- **Assignment**
Where a line below holds the string "forall", copy that line.

- **Given records**
###

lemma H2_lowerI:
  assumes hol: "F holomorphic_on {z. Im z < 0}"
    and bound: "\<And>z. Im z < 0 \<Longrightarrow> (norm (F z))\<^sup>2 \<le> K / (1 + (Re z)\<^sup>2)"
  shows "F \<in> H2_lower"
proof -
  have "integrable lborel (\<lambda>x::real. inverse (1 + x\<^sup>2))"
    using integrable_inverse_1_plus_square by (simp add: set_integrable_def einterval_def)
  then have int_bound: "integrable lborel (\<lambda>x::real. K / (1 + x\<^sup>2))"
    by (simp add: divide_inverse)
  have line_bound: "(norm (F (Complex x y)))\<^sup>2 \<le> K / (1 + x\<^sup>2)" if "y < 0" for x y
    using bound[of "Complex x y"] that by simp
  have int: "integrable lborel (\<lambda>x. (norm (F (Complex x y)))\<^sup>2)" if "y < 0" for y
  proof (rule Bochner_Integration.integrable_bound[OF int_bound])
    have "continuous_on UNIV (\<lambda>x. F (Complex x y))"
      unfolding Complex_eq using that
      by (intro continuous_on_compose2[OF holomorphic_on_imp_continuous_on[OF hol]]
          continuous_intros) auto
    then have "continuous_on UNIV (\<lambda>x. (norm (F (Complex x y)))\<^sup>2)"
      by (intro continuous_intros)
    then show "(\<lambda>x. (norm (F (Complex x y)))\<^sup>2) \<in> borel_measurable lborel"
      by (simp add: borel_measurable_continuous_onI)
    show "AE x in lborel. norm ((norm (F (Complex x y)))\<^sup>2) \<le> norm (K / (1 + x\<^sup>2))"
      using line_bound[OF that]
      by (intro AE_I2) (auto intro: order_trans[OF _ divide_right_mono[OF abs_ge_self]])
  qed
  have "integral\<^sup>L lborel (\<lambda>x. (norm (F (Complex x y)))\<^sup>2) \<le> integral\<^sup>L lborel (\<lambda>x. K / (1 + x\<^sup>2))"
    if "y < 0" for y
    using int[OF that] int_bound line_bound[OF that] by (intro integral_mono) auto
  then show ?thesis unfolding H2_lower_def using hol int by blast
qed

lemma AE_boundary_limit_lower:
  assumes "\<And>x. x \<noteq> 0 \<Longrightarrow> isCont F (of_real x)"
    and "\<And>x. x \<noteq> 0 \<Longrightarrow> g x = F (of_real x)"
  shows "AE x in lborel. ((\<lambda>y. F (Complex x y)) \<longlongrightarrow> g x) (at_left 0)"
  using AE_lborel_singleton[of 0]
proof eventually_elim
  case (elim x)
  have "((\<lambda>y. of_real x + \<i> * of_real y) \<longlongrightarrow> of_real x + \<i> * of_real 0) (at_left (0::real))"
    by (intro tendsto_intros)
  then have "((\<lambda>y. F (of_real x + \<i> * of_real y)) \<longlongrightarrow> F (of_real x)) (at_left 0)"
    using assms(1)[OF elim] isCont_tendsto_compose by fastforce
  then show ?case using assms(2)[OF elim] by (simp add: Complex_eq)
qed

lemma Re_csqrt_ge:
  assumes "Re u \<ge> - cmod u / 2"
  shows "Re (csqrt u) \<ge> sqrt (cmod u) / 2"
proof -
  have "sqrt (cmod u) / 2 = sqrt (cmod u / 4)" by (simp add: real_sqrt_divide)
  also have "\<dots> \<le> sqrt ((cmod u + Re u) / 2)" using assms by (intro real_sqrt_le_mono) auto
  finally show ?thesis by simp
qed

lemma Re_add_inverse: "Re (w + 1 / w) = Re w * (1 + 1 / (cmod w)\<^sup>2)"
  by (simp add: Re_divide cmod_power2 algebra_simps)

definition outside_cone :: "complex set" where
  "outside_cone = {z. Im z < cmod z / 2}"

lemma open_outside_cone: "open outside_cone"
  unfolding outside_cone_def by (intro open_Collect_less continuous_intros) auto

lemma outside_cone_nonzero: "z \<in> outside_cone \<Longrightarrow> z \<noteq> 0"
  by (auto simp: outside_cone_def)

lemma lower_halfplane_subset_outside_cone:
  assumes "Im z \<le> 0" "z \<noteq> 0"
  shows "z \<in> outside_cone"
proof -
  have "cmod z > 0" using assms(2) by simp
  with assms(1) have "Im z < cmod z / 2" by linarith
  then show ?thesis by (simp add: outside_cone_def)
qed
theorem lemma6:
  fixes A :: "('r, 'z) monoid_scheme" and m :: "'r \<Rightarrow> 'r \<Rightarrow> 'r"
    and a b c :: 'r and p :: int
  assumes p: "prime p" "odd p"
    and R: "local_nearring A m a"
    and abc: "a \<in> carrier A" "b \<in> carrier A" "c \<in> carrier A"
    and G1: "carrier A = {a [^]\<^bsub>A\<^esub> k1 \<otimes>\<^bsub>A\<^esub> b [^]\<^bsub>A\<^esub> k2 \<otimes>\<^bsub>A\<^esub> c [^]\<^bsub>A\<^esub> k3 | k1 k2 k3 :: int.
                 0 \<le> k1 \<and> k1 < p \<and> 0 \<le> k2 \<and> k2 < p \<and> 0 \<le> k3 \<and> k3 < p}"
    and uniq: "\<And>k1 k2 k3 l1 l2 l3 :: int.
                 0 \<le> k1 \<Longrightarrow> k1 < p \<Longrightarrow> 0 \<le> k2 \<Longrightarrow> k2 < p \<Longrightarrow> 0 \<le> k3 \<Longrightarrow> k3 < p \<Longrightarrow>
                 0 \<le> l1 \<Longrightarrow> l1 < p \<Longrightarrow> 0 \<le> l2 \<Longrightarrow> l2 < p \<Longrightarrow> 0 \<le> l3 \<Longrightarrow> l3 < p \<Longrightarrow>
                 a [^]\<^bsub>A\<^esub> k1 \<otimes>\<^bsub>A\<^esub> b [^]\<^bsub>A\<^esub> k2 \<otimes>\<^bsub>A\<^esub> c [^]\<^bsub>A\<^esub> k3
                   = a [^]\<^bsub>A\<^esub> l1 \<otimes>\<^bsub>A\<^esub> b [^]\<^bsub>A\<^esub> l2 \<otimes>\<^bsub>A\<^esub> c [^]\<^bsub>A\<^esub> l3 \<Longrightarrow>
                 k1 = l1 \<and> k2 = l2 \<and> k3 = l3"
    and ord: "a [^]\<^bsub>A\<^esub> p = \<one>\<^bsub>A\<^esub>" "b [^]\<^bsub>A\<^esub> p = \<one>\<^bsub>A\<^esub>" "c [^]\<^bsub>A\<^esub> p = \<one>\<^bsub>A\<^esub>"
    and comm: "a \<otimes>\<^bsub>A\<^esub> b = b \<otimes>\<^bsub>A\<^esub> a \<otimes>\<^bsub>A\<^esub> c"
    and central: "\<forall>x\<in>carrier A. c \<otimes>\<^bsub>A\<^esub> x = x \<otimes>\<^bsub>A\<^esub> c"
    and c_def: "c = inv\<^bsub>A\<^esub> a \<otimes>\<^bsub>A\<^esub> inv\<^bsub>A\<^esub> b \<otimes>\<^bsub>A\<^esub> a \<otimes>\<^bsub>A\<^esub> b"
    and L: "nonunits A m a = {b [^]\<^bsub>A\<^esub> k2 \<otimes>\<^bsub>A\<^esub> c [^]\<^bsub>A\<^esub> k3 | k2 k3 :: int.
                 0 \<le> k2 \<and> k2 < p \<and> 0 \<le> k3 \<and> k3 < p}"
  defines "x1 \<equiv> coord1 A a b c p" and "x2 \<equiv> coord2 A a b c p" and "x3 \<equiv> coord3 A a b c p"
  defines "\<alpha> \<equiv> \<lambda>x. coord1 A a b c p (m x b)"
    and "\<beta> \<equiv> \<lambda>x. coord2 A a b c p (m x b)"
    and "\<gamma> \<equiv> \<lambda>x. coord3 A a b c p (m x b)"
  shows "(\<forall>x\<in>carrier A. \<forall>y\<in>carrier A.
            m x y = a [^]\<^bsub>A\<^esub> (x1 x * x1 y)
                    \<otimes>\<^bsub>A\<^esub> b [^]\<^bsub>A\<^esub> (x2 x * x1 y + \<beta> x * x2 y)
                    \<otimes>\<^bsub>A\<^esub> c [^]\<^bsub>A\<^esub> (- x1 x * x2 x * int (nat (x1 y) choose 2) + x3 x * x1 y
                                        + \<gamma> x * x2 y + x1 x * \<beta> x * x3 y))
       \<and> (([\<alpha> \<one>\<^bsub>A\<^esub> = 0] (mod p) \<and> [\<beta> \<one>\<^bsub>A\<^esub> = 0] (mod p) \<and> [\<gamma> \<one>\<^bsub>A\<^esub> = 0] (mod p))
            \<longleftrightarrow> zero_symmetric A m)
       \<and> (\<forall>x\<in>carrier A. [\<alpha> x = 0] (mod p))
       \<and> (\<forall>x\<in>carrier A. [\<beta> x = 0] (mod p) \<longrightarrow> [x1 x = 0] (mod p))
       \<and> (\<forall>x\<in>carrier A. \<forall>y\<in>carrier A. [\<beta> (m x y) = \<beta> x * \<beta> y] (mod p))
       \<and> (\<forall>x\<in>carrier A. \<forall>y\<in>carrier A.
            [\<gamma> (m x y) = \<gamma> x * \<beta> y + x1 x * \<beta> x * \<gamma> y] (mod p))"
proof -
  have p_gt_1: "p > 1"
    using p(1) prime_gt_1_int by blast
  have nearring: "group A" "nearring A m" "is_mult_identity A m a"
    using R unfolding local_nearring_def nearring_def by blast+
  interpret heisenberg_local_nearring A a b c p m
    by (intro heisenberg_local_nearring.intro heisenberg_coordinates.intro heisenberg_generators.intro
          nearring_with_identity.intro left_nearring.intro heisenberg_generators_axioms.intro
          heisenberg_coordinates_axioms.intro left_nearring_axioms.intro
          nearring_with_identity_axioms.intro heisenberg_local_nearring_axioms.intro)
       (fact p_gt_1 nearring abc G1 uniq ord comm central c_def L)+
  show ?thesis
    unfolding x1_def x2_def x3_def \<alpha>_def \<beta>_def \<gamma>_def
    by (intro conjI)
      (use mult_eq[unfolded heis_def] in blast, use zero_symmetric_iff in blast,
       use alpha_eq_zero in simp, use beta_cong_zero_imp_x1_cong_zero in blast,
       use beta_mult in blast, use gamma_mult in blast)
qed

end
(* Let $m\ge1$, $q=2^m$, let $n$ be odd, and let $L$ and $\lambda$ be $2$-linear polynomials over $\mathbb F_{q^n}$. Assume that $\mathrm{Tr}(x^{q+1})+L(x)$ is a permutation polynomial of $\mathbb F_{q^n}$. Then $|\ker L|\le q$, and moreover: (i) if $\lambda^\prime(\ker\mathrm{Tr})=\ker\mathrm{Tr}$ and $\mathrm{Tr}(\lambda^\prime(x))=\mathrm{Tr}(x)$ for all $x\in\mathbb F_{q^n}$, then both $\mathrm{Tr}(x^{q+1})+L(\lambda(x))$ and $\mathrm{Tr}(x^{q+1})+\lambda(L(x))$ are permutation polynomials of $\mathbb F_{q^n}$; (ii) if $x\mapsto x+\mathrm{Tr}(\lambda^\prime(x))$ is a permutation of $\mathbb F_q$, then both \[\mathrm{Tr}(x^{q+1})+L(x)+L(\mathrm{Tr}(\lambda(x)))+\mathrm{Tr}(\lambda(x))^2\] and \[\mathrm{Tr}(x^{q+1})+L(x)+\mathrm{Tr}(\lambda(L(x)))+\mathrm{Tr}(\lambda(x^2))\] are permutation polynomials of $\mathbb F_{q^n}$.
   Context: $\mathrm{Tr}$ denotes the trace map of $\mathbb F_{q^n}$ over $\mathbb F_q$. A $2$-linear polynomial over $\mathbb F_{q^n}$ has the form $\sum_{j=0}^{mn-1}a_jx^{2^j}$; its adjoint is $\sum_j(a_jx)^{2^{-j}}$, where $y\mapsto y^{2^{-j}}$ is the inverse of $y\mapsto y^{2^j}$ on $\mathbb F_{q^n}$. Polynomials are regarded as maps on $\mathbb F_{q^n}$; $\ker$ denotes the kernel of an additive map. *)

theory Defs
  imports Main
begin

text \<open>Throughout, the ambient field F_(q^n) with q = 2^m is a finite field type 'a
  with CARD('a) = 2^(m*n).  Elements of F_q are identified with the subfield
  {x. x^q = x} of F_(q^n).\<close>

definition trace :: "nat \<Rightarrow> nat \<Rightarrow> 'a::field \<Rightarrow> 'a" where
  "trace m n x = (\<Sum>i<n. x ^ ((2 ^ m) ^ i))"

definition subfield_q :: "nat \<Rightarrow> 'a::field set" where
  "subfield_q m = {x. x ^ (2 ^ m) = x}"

###

- **Response to this exercise**
    and central: "\<forall>x\<in>carrier A. c \<otimes>\<^bsub>A\<^esub> x = x \<otimes>\<^bsub>A\<^esub> c"
  shows "(\<forall>x\<in>carrier A. \<forall>y\<in>carrier A.
       \<and> (\<forall>x\<in>carrier A. [\<alpha> x = 0] (mod p))
       \<and> (\<forall>x\<in>carrier A. [\<beta> x = 0] (mod p) \<longrightarrow> [x1 x = 0] (mod p))
       \<and> (\<forall>x\<in>carrier A. \<forall>y\<in>carrier A. [\<beta> (m x y) = \<beta> x * \<beta> y] (mod p))
       \<and> (\<forall>x\<in>carrier A. \<forall>y\<in>carrier A.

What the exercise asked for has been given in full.